Non, la package est accessible sur le DVD : XCode Tools sur le disque 2. Mais il vaudrait mieux récupérer la version 3.1 sur l'Apple Developer Connection, la version 3.0 est un peu buguée.


----------



## BS0D (24 Août 2008)

ntx a dit:


> Non, la package est accessible sur le DVD : XCode Tools sur le disque 2. Mais il vaudrait mieux récupérer la version 3.1 sur l'Apple Developer Connection, la version 3.0 est un peu buguée.



Je viens à l'instant de trouver ça sur le DVD 2! Merci de ta réponse quand même... 

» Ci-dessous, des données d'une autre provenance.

lemma imag_quad_field_inverse:
  assumes "x \<in> imag_quad_field d"
  shows "inverse x \<in> imag_quad_field d"
proof -
  from assms obtain a b where x: "x = of_rat a + of_rat b * isqrt d"
    unfolding imag_quad_field_iff by blast
  define n where "n = a * a + of_nat d * b * b"
  have x_conj: "x * (of_rat a + of_rat (- b) * isqrt d) = of_rat n"
    unfolding x imag_quad_field_mult_formula by (simp add: n_def algebra_simps)
  show ?thesis
  proof (cases "n = 0")
    case True
    have "a * a + of_nat d * (b * b) = 0"
      using True by (simp add: n_def mult.assoc)
    moreover have "a * a \<ge> 0" "of_nat d * (b * b) \<ge> 0"
      by simp_all
    ultimately have "a = 0 \<and> (d = 0 \<or> b = 0)"
      by (simp add: add_nonneg_eq_0_iff)
    then have "x = 0"
      by (auto simp: x isqrt_def)
    then show ?thesis
      using imag_quad_field_of_int_isqrt[of 0 0 d] by simp
  next
    case False
    have "x * ((of_rat a + of_rat (- b) * isqrt d) / of_rat n) = 1"
      using False by (simp add: x_conj)
    then have "inverse x = (of_rat a + of_rat (- b) * isqrt d) / of_rat n"
      by (rule inverse_unique)
    also have "\<dots> = of_rat (a / n) + of_rat (- b / n) * isqrt d"
      by (simp add: of_rat_divide of_rat_minus diff_divide_distrib)
    finally show ?thesis
      unfolding imag_quad_field_iff by blast
  qed
qed

lemma imag_quad_field_divide:
  "x \<in> imag_quad_field d \<Longrightarrow> y \<in> imag_quad_field d \<Longrightarrow> x / y \<in> imag_quad_field d"
  unfolding divide_inverse by (intro imag_quad_field_mult imag_quad_field_inverse)

lemma imag_quad_field_common_denominator:
  assumes "x \<in> imag_quad_field d"
  obtains N p q :: int where "N > 0" "of_int N * x = of_int p + of_int q * isqrt d"
proof -
  from assms obtain a b where x: "x = of_rat a + of_rat b * isqrt d"
    unfolding imag_quad_field_iff by blast
  obtain pa qa where a: "a = of_int pa / of_int qa" "qa > 0"
    using quotient_of_div quotient_of_denom_pos by (metis prod.exhaust)
  obtain pb qb where b: "b = of_int pb / of_int qb" "qb > 0"
    using quotient_of_div quotient_of_denom_pos by (metis prod.exhaust)
  have num: "of_int qa * of_rat a = (of_int pa :: complex)" "of_int qb * of_rat b = (of_int pb :: complex)"
    using a b by (simp_all add: of_rat_divide)
  have "of_int (qa * qb) * x = of_int qb * (of_int qa * of_rat a) + of_int qa * (of_int qb * of_rat b) * isqrt d"
    by (simp add: x algebra_simps)
  also have "\<dots> = of_int (pa * qb) + of_int (pb * qa) * isqrt d"
    by (simp only: num) (simp add: algebra_simps)
  finally have "of_int (qa * qb) * x = of_int (pa * qb) + of_int (pb * qa) * isqrt d" .
  with a b show ?thesis
    using that[of "qa * qb" "pa * qb" "pb * qa"] by simp
qed

lemma algebraic_int_quadratic:
  "algebraic_int (of_int p + of_int q * isqrt d)"
proof -
  define P :: "complex poly" where "P = [:of_int (p * p + int d * q * q), of_int (- 2 * p), 1:]"
  have "coeff P i \<in> \<int>" for i
    by (simp add: P_def coeff_pCons split: nat.splits)
  moreover have "poly P (of_int p + of_int q * isqrt d) = of_int q * of_int q * (isqrt d * isqrt d + of_nat d)"
    by (simp add: P_def algebra_simps)
  then have "poly P (of_int p + of_int q * isqrt d) = 0"
    by (simp add: isqrt_mult_self)
  ultimately show ?thesis
    by (intro algebraic_int.intros[of P]) (auto simp: P_def)
qed

lemma mem_ring_of_integers_iff: "z \<in> ring_of_integers K \<longleftrightarrow> z \<in> K \<and> algebraic_int z"
  unfolding ring_of_integers_def alg_int_def algebraic_int_altdef_ipoly by (auto simp: conj_commute)

lemma quadratic_int_in_ring_of_integers:
  "of_int p + of_int q * isqrt d \<in> ring_of_integers (imag_quad_field d)"
  by (simp add: mem_ring_of_integers_iff imag_quad_field_of_int_isqrt algebraic_int_quadratic)

lemma ring_of_integers_mult_sqrt_int:
  assumes "w \<in> imag_quad_field d" "w * w \<in> \<int>" "z \<in> ring_of_integers (imag_quad_field d)"
  shows "w * z \<in> ring_of_integers (imag_quad_field d)"
  using assms by (simp add: mem_ring_of_integers_iff imag_quad_field_mult algebraic_int_mult_sqrt_int)

lemma span_over_single: "c \<in> R \<Longrightarrow> x \<in> S \<Longrightarrow> c * x \<in> span_over R S"
  unfolding span_over_def by (intro CollectI exI[of _ 1] exI[of _ "\<lambda>_. c"] exI[of _ "\<lambda>_. x"]) auto

lemma span_over_add:
  assumes "x \<in> span_over R S" "y \<in> span_over R S"
  shows "x + y \<in> span_over R S"
proof -
  from assms(1) obtain n1 :: nat and c1 x1 where h1: "x = (\<Sum>i<n1. c1 i * x1 i)" "\<forall>i<n1. c1 i \<in> R \<and> x1 i \<in> S"
    unfolding span_over_def by blast
  from assms(2) obtain n2 :: nat and c2 x2 where h2: "y = (\<Sum>i<n2. c2 i * x2 i)" "\<forall>i<n2. c2 i \<in> R \<and> x2 i \<in> S"
    unfolding span_over_def by blast
  define c where "c i = (if i < n1 then c1 i else c2 (i - n1))" for i
  define xs where "xs i = (if i < n1 then x1 i else x2 (i - n1))" for i
  have "(\<Sum>i<n1 + n2. c i * xs i) = (\<Sum>i<n1. c i * xs i) + (\<Sum>i\<in>{n1..<n1+n2}. c i * xs i)"
    by (subst sum.union_disjoint[symmetric]) (auto intro!: sum.cong)
  also have "(\<Sum>i<n1. c i * xs i) = x"
    unfolding h1 c_def xs_def by simp
  also have "(\<Sum>i\<in>{n1..<n1+n2}. c i * xs i) = (\<Sum>i<n2. c (i + n1) * xs (i + n1))"
    using sum.shift_bounds_nat_ivl[of "\<lambda>i. c i * xs i" 0 n1 n2]
    by (simp add: atLeast0LessThan add.commute)
  also have "\<dots> = y"
    unfolding h2 c_def xs_def by simp
  finally have "x + y = (\<Sum>i<n1 + n2. c i * xs i)"
    by simp
  moreover have "\<forall>i<n1 + n2. c i \<in> R \<and> xs i \<in> S"
    using h1(2) h2(2) by (auto simp: c_def xs_def)
  ultimately show ?thesis
    unfolding span_over_def by blast
qed

lemma span_over_mult:
  assumes "x \<in> span_over R S" and "\<And>r. r \<in> R \<Longrightarrow> a * r \<in> R"
  shows "a * x \<in> span_over R S"
proof -
  from assms(1) obtain n :: nat and c xs where h: "x = (\<Sum>i<n. c i * xs i)" "\<forall>i<n. c i \<in> R \<and> xs i \<in> S"
    unfolding span_over_def by blast
  have "a * x = (\<Sum>i<n. (a * c i) * xs i)"
    unfolding h by (simp add: sum_distrib_left mult.assoc)
  moreover have "\<forall>i<n. a * c i \<in> R \<and> xs i \<in> S"
    using h(2) assms(2) by auto
  ultimately show ?thesis
    unfolding span_over_def by (intro CollectI exI[of _ n] exI[of _ "\<lambda>i. a * c i"] exI[of _ xs]) simp
qed

lemma span_over_eq_0:
  assumes "S \<subseteq> {0}" and "x \<in> span_over R S"
  shows "x = 0"
  using assms unfolding span_over_def by (auto intro!: sum.neutral)

lemma span_ring_of_integers_mult_quadratic_int:
  assumes "v \<in> span_over (ring_of_integers (imag_quad_field d)) G"
  shows "(of_int p + of_int q * isqrt d) * v \<in> span_over (ring_of_integers (imag_quad_field d)) G"
proof -
  have mult: "w * u \<in> span_over (ring_of_integers (imag_quad_field d)) G"
    if "w \<in> imag_quad_field d" "w * w \<in> \<int>" "u \<in> span_over (ring_of_integers (imag_quad_field d)) G" for w u
    using that by (intro span_over_mult ring_of_integers_mult_sqrt_int)
  have "isqrt d \<in> imag_quad_field d" "of_int k \<in> imag_quad_field d" for k
    using imag_quad_field_of_int_isqrt[of 0 1 d] imag_quad_field_of_int_isqrt[of k 0 d] by simp_all
  then have "of_int p * v + of_int q * (isqrt d * v) \<in> span_over (ring_of_integers (imag_quad_field d)) G"
    using assms by (intro span_over_add mult) (auto simp: isqrt_mult_self)
  then show ?thesis
    by (simp add: algebra_simps)
qed

lemma K_lattice_module_nonzero:
  assumes "is_K_lattice_module K \<Lambda>" and "1 \<in> K"
  obtains w where "w \<in> \<Lambda>" "w \<noteq> 0"
proof -
  from assms(1) obtain z where "z \<noteq> 0" "span_over K \<Lambda> = {k * z | k. k \<in> K}"
    unfolding is_K_lattice_module_def by blast
  with assms(2) have "z \<in> span_over K \<Lambda>" "z \<noteq> 0"
    by force+
  then show ?thesis
    using span_over_eq_0[of \<Lambda> z K] that by blast
qed
section \<open>Decay of rows and the uniform Roe algebra\<close>

definition row_decay :: "('a::metric_space) mat \<Rightarrow> bool" where
  "row_decay T \<longleftrightarrow>
     (\<forall>\<eta>>0. \<exists>r. \<forall>x Y. finite Y \<longrightarrow> (\<forall>y\<in>Y. r < dist x y) \<longrightarrow> sqnorm_on Y (T x) \<le> \<eta>)"

text \<open>Decay of the rows of \<open>T\<close> and of \<open>madj T\<close> (that is, of the columns of \<open>T\<close>) is an
  \<open>\<ell>\<^sup>2\<close>-form of quasi-locality that survives products, by uniform local finiteness, and norm limits.\<close>

definition decaying_matrix :: "('a::metric_space) mat \<Rightarrow> bool" where
  "decaying_matrix T \<longleftrightarrow> (\<exists>c. mat_bound T c) \<and> row_decay T \<and> row_decay (madj T)"

lemma row_decayI:
  assumes "\<And>\<eta>. \<eta> > 0 \<Longrightarrow>
    \<exists>r. \<forall>x Y. finite Y \<longrightarrow> (\<forall>y\<in>Y. r < dist x y) \<longrightarrow> sqnorm_on Y (T x) \<le> \<eta>"
  shows "row_decay T"
  using assms unfolding row_decay_def by blast

lemma row_decayE:
  assumes "row_decay T" and "\<eta> > 0"
  obtains r where "\<And>x Y. finite Y \<Longrightarrow> (\<forall>y\<in>Y. r < dist x y) \<Longrightarrow> sqnorm_on Y (T x) \<le> \<eta>"
  using assms unfolding row_decay_def by meson
lemma coxeter_word_in_carrier:
  "bij_betw \<pi> {..<n} {..<n} \<Longrightarrow> coxeter_word G s \<pi> n \<in> carrier G"
  using coxeter_word_closed gen_closed bij_betwE by blast

lemma petrie_seq_coxeter:
  assumes \<pi>: "bij_betw \<pi> {..<n} {..<n}" and \<Phi>: "\<Phi> \<in> flags"
  shows "petrie_seq Fs qle (petrie_map Fs qle fst \<pi> n) \<Phi> k = act \<Phi> (coxeter_word G s \<pi> n [^] k)"
proof (rule petrie_seq_eq_act_pow[OF coxeter_word_in_carrier[OF \<pi>] _ \<Phi>])
  show "\<forall>\<Psi>\<in>flags. petrie_map Fs qle fst \<pi> n \<Psi> = act \<Psi> (coxeter_word G s \<pi> n)"
    using petrie_map_eq_act[OF \<pi>] by blast
qed

lemma petrie_seq_coxeter_diff:
  assumes \<pi>: "bij_betw \<pi> {..<n} {..<n}" and \<Phi>: "\<Phi> \<in> flags"
  shows "petrie_seq Fs qle (petrie_map Fs qle fst \<pi> n) \<Phi> b =
    act (petrie_seq Fs qle (petrie_map Fs qle fst \<pi> n) \<Phi> a) (coxeter_word G s \<pi> n [^] (b - a))"
proof -
  let ?\<sigma> = "coxeter_word G s \<pi> n"
  have \<sigma>: "?\<sigma> \<in> carrier G" using coxeter_word_in_carrier[OF \<pi>] .
  have "?\<sigma> [^] b = ?\<sigma> [^] a \<otimes> ?\<sigma> [^] (b - a)" using int_pow_mult[OF \<sigma>, of a "b - a"] by simp
  then show ?thesis using petrie_seq_coxeter[OF \<pi> \<Phi>] act_mult[OF \<Phi>] \<sigma> by simp
qed


lemma stabilizer_subgroup:
  assumes \<Psi>: "\<Psi> \<in> flags"
  shows "subgroup {g \<in> carrier G. act \<Psi> g = \<Psi>} G"
proof (rule subgroupI)
  fix a b assume a: "a \<in> {g \<in> carrier G. act \<Psi> g = \<Psi>}" and b: "b \<in> {g \<in> carrier G. act \<Psi> g = \<Psi>}"
  then show "inv a \<in> {g \<in> carrier G. act \<Psi> g = \<Psi>}" using act_act_inv[OF \<Psi>] by force
  show "a \<otimes> b \<in> {g \<in> carrier G. act \<Psi> g = \<Psi>}" using a b act_mult[OF \<Psi>] by simp
qed (use act_one[OF \<Psi>] in auto)

lemma act_pow_period:
  assumes fin: "finite (carrier G)" and \<sigma>: "\<sigma> \<in> carrier G" and \<Psi>: "\<Psi> \<in> flags"
  obtains d :: nat where "0 < d" "d \<le> card {act \<Psi> \<alpha> | \<alpha>. \<alpha> \<in> generate G {\<sigma>}}" "act \<Psi> (\<sigma> [^] d) = \<Psi>"
proof -
  let ?orbit = "{act \<Psi> \<alpha> | \<alpha>. \<alpha> \<in> generate G {\<sigma>}}"
  let ?m = "card ?orbit" and ?orb = "\<lambda>p::nat. act \<Psi> (\<sigma> [^] p)"
  have "finite (generate G {\<sigma>})" using fin generate_incl[of "{\<sigma>}"] \<sigma> finite_subset by auto
  moreover have "?orbit = (act \<Psi>) ` generate G {\<sigma>}" by auto
  ultimately have fin_orbit: "finite ?orbit" by simp
  have orb: "?orb ` {0..?m} \<subseteq> ?orbit"
  proof (rule image_subsetI)
    fix p :: nat
    have "\<sigma> [^] int p \<in> generate G {\<sigma>}" using generate_pow[OF \<sigma>] by blast
    then have "\<sigma> [^] p \<in> generate G {\<sigma>}" by (simp add: int_pow_int)
    then show "?orb p \<in> ?orbit" by blast
  qed
  have "\<not> inj_on ?orb {0..?m}"
  proof
    assume "inj_on ?orb {0..?m}"
    then have "card {0..?m} \<le> ?m" by (rule card_inj_on_le[OF _ orb fin_orbit])
    then show False by simp
  qed
  then obtain a b where ab: "a \<in> {0..?m}" "b \<in> {0..?m}" "a \<noteq> b" "?orb a = ?orb b"
    unfolding inj_on_def by blast
  define p q where "p = min a b" and "q = max a b"
  have pq: "p < q" "q \<le> ?m" "?orb p = ?orb q"
    using ab unfolding p_def q_def by (auto simp: min_def max_def)
  have "\<sigma> [^] q = \<sigma> [^] (q - p) \<otimes> \<sigma> [^] p" using pq(1) nat_pow_mult[OF \<sigma>] by simp
  then have "act \<Psi> (\<sigma> [^] (q - p)) = act (?orb q) (inv (\<sigma> [^] p))"
    using act_mult[OF \<Psi>] act_act_inv[OF act_in_pflags[OF \<Psi>]] \<sigma> by simp
  also have "\<dots> = \<Psi>" using pq(3)[symmetric] act_act_inv[OF \<Psi>] \<sigma> by simp
  finally show thesis using pq by (intro that) auto
qed
lemma fringe_shape_prob_eq:
  assumes "1 \<le> n"
  shows "fringe_shape_prob t n = card {r\<in>recursive_trees n. has_fringe_shape t r} / card (recursive_trees n)"
proof -
  let ?H = "{r\<in>recursive_trees n. has_fringe_shape t r}"
  let ?N = "{r\<in>recursive_trees n. \<not> has_fringe_shape t r}"
  let ?C = "real (card (recursive_trees n))"
  have "card (recursive_trees n) = card ?H + card ?N"
    using finite_recursive_trees[of n] by (subst card_Un_disjoint[symmetric]) (auto intro: arg_cong[where f=card])
  then have C: "?C - card ?N = card ?H"
    by simp
  have "0 < ?C"
    using card_recursive_trees[OF assms] by simp
  have "S_coeff t n / T_coeff n = card ?N / ?C"
    by (simp add: S_coeff_def T_coeff_def egf_coeff_def)
  then have "fringe_shape_prob t n = (?C - card ?N) / ?C"
    using \<open>0 < ?C\<close> by (simp add: fringe_shape_prob_def diff_divide_distrib)
  then show ?thesis
    unfolding C .
qed

lemma fringe_shape_prob_nonneg: "1 \<le> n \<Longrightarrow> 0 \<le> fringe_shape_prob t n"
  by (simp add: fringe_shape_prob_eq)

lemma fringe_shape_prob_le_1:
  assumes "1 \<le> n"
  shows "fringe_shape_prob t n \<le> 1"
proof -
  have "card {r\<in>recursive_trees n. has_fringe_shape t r} \<le> card (recursive_trees n)"
    using finite_recursive_trees by (intro card_mono) auto
  moreover have "0 < card (recursive_trees n)"
    using card_recursive_trees[OF assms] by simp
  ultimately show ?thesis
    using assms by (simp add: fringe_shape_prob_eq divide_le_eq_1)
qed

lemma sum_card_has_fringe_shape_le:
  "(\<Sum>t | psize t = k. card {r\<in>recursive_trees n. has_fringe_shape t r}) \<le> total_fringe_count n k"
proof -
  have "(\<Sum>t | psize t = k. card {r\<in>recursive_trees n. has_fringe_shape t r})
      = (\<Sum>r\<in>recursive_trees n. card {t\<in>{t. psize t = k}. has_fringe_shape t r})"
    using finite_psize_eq finite_recursive_trees by (intro sum_card_filter_swap)
  also have "\<dots> \<le> (\<Sum>r\<in>recursive_trees n. fringe_count k r)"
  proof (rule sum_mono)
    fix r
    have "{t\<in>{t. psize t = k}. has_fringe_shape t r} \<subseteq> shape ` {s\<in>fringe r. lsize s = k}"
      unfolding has_fringe_shape_def using psize_shape by fastforce
    then have "card {t\<in>{t. psize t = k}. has_fringe_shape t r} \<le> card (shape ` {s\<in>fringe r. lsize s = k})"
      using finite_fringe by (intro card_mono) auto
    also have "\<dots> \<le> fringe_count k r"
      unfolding fringe_count_def using finite_fringe by (intro card_image_le) auto
    finally show "card {t\<in>{t. psize t = k}. has_fringe_shape t r} \<le> fringe_count k r" .
  qed
  finally show ?thesis
    unfolding total_fringe_count_def .
qed

lemma sum_fringe_shape_prob_le_mean:
  assumes "1 \<le> n"
  shows "(\<Sum>t | psize t = k. fringe_shape_prob t n) \<le> mean_fringe_count n k"
proof -
  have pos: "0 < real (card (recursive_trees n))"
    using card_recursive_trees[OF assms] by simp
  have "(\<Sum>t | psize t = k. fringe_shape_prob t n)
      = real (\<Sum>t | psize t = k. card {r\<in>recursive_trees n. has_fringe_shape t r}) / card (recursive_trees n)"
    using assms by (simp add: fringe_shape_prob_eq sum_divide_distrib)
  also have "\<dots> \<le> real (total_fringe_count n k) / card (recursive_trees n)"
    by (intro divide_right_mono) (simp_all only: of_nat_le_iff sum_card_has_fringe_shape_le of_nat_0_le_iff)
  also have "\<dots> \<le> mean_fringe_count n k"
    using total_fringe_count_le[OF assms] pos by (simp add: divide_le_eq)
  finally show ?thesis .
qed

lemma sum_fringe_shape_prob_le_ptree_count:
  "1 \<le> n \<Longrightarrow> (\<Sum>t | psize t = k. fringe_shape_prob t n) \<le> ptree_count k"
  using sum_mono[of "{t. psize t = k}" "\<lambda>t. fringe_shape_prob t n" "\<lambda>_. 1"] fringe_shape_prob_le_1 by simp

section \<open>Fringe subtrees of small shapes\<close>

lemma log_of_nat_nonpos:
  assumes "0 \<le> b" "b \<le> 1"
  shows "log b (real n) \<le> 0"
proof -
  have "ln b \<le> 0"
    using assms by (cases "b = 0") simp_all
  moreover have "0 \<le> ln (real n)"
    by (cases "n = 0") simp_all
  ultimately show ?thesis
    by (simp add: log_def divide_nonneg_nonpos)
qed

lemma sum_fringe_shape_prob_le:
  fixes b :: real
  assumes b: "1 < b" and count: "\<And>k. real (ptree_count k) \<le> b ^ (k + 1)"
    and n: "1 \<le> n" "2 \<le> log b n" "log b n \<le> n"
  shows "(\<Sum>t\<in>{t. psize t \<le> n \<and> real (psize t) < log b n}. fringe_shape_prob t n)
    \<le> b\<^sup>2 / (b - 1) * sqrt n
       + (b powr (1/4))\<^sup>2 / (b powr (1/4) - 1) * 4 powr (3/4) * (n / log b n powr (3/2))"
proof -
  define h where "h k = (\<Sum>t | psize t = k. fringe_shape_prob t n)" for k
  have "{t. psize t \<le> n \<and> real (psize t) < log b n} = {t. real (psize t) < log b n}"
    using n(3) by auto
  then have "(\<Sum>t\<in>{t. psize t \<le> n \<and> real (psize t) < log b n}. fringe_shape_prob t n)
      = (\<Sum>k | real k < log b n. h k)"
    by (simp add: sum_group_psize_less h_def)
  also have "\<dots> \<le> b\<^sup>2 / (b - 1) * sqrt n
       + (b powr (1/4))\<^sup>2 / (b powr (1/4) - 1) * 4 powr (3/4) * (n / log b n powr (3/2))"
  proof (rule sum_less_log_le[OF b n(2)])
    show "0 \<le> h k" for k
      unfolding h_def using n(1) by (intro sum_nonneg fringe_shape_prob_nonneg)
    show "h k \<le> b ^ (k + 1)" for k
      unfolding h_def using n(1) sum_fringe_shape_prob_le_ptree_count count order.trans by blast
    show "h k \<le> n / (real k * (real k + 1))" if "1 \<le> k" "real k < log b n" for k
      using that n(3) sum_fringe_shape_prob_le_mean[OF n(1), of k] by (simp add: h_def mean_fringe_count_def)
  qed
  finally show ?thesis .
qed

Et j'ai pas de compte apple, alors impossible de chopper la version 3.1


----------



## ntx (24 Août 2008)

BS0D a dit:


> Et j'ai pas de compte apple, alors impossible de chopper la version 3.1


Et bien tu t'en crées un, pour télécharger Xcode c'est gratuit.  Et de toutes façons tu verras rapidement quelques bugs assez gênants dans IB :rateau:


----------



## Psycho_fls (26 Août 2008)

Hello,

Je viens de tomber sur ce fil après avoir lancé le téléchargement de Xcode 3.0 (1.1 Go !!)
Les bugs dont tu parles sont-ils (au moins en partie) corrigés dans la 3.1 ? (notamment en ce qui concerne IB que je vais utiliser dans un premier temps...)


----------



## ntx (26 Août 2008)

J'avais constaté des bugs quand on modifiait les paramètres sur les bindings dans l'inspecteur. Pour le peu que j'ai utilisé Xcode 3.1, cela semble avoir été corrigé.


----------



## Psycho_fls (27 Août 2008)

Merci bien


----------



## Ty003 (27 Janvier 2021)

Moi j'arrive pas à lancer Xcode


----------



## Locke (27 Janvier 2021)

Ty003 a dit:


> Moi j'arrive pas à lancer Xcode


Relis, si, si, si, relis bien le message        #1      , car il est question d'une installation de Xcode depuis un DVD. Donc ta version de Mac est si vieille que ça pour faire remonter un message qui date du 16 septembre 2000 ?


----------